Task instructions: Could you print exactly the lines of the listing below, starting at the line that has "ln (\<rho> *" and ending at the line that has "(* Write M_n", and only those lines?
┌──
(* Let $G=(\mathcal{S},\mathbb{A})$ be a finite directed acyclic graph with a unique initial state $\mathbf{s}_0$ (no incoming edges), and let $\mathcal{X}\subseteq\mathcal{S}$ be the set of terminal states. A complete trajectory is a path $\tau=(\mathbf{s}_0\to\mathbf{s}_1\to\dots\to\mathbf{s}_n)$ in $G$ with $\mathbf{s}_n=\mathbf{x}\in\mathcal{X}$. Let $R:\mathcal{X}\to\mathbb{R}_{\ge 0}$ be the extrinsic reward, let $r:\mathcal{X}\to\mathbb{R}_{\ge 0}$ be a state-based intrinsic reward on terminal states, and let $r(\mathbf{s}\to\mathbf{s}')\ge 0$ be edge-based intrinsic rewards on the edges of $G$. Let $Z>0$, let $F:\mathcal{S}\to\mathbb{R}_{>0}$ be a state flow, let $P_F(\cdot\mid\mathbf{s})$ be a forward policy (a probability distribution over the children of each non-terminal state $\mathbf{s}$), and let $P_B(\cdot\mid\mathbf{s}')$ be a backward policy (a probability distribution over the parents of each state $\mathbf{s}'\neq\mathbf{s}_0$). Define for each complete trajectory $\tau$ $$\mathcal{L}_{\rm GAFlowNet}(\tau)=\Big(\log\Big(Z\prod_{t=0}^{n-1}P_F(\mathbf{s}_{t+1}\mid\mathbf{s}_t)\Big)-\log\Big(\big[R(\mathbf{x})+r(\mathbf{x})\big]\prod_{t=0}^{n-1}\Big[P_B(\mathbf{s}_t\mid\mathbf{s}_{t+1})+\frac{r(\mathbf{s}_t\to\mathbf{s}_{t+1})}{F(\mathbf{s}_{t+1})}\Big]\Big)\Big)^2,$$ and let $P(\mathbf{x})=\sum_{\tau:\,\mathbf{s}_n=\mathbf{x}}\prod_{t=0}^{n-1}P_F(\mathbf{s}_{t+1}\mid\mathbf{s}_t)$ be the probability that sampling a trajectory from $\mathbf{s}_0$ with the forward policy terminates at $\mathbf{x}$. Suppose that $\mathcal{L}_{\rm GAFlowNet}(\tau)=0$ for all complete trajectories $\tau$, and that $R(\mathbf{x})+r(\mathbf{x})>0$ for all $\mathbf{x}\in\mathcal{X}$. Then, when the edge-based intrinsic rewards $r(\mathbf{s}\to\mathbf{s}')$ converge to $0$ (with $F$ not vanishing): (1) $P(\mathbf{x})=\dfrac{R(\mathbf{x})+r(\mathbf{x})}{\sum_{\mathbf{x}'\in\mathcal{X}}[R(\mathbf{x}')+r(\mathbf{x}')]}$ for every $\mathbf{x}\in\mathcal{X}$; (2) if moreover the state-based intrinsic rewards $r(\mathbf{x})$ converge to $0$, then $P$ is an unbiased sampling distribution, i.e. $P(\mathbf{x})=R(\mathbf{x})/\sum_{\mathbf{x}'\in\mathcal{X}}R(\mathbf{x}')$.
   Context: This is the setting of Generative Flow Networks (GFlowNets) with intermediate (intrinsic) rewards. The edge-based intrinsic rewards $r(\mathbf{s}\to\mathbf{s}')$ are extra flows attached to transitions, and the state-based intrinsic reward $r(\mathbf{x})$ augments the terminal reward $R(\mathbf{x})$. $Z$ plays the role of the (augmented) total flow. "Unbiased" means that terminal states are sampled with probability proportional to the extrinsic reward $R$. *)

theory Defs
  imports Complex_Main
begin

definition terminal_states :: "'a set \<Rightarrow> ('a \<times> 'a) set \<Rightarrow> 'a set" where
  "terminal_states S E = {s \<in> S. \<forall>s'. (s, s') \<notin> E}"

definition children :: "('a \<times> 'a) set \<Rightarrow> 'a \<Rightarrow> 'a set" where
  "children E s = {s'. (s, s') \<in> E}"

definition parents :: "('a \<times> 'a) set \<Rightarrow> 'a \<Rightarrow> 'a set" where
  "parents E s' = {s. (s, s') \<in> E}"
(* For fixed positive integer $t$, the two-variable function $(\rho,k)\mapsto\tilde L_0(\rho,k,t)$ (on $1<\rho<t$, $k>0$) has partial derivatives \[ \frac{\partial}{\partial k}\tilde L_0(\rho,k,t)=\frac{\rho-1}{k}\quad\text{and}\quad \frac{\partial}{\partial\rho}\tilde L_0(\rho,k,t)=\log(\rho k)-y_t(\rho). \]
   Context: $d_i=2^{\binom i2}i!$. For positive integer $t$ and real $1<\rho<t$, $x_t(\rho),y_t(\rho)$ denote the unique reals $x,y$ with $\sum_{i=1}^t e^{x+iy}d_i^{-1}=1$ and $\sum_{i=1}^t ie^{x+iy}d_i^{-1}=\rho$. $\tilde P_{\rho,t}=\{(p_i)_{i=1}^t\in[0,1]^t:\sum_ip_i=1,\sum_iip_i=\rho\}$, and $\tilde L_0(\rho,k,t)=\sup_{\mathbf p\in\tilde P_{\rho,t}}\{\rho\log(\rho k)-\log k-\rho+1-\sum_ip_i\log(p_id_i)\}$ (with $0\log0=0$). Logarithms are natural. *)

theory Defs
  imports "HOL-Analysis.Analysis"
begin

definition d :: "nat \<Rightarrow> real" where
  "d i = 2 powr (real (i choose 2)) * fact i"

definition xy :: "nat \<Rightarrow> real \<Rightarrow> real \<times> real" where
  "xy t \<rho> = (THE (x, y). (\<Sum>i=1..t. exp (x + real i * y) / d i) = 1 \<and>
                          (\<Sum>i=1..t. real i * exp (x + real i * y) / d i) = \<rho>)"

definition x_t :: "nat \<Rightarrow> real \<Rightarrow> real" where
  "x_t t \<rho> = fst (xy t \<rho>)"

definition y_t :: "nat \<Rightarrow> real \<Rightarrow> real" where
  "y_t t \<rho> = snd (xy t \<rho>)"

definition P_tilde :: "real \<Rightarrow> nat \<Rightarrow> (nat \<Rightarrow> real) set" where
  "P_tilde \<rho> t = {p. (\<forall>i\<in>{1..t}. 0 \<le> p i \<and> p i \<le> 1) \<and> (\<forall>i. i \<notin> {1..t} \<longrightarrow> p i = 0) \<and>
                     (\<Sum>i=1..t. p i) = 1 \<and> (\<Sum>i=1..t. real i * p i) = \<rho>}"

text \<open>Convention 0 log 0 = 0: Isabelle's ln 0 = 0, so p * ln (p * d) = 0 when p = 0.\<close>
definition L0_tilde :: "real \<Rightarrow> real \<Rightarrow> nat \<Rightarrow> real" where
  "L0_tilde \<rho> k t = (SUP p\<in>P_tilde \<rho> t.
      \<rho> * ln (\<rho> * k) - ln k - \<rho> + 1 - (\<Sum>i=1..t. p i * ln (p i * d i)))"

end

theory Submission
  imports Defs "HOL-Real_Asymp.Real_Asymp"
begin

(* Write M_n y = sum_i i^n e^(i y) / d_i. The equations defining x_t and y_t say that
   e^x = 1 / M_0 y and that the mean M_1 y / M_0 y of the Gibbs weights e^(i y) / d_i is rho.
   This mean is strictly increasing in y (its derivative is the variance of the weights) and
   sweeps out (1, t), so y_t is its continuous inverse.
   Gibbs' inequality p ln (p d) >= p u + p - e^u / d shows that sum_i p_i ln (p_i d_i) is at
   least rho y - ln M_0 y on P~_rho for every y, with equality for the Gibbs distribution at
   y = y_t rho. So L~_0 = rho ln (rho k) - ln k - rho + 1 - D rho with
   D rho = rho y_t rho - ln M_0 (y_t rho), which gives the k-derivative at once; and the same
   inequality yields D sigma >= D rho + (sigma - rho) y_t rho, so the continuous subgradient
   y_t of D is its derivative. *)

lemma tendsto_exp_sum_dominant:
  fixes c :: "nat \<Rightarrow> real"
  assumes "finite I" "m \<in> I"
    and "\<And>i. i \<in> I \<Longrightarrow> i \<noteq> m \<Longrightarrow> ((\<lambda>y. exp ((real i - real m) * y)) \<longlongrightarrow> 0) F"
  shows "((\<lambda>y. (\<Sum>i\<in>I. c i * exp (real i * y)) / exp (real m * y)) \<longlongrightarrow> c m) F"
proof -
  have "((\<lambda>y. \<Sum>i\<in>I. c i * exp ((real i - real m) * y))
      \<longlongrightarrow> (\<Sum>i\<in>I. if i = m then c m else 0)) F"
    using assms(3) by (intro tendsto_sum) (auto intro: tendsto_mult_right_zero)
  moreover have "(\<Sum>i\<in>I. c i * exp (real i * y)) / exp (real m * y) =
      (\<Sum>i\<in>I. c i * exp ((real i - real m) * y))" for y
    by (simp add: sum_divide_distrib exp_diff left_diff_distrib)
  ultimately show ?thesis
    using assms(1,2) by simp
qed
└──
Solution for this task:
      \<rho> * ln (\<rho> * k) - ln k - \<rho> + 1 - (\<Sum>i=1..t. p i * ln (p i * d i)))"

end

theory Submission
  imports Defs "HOL-Real_Asymp.Real_Asymp"
begin

(* Write M_n y = sum_i i^n e^(i y) / d_i. The equations defining x_t and y_t say that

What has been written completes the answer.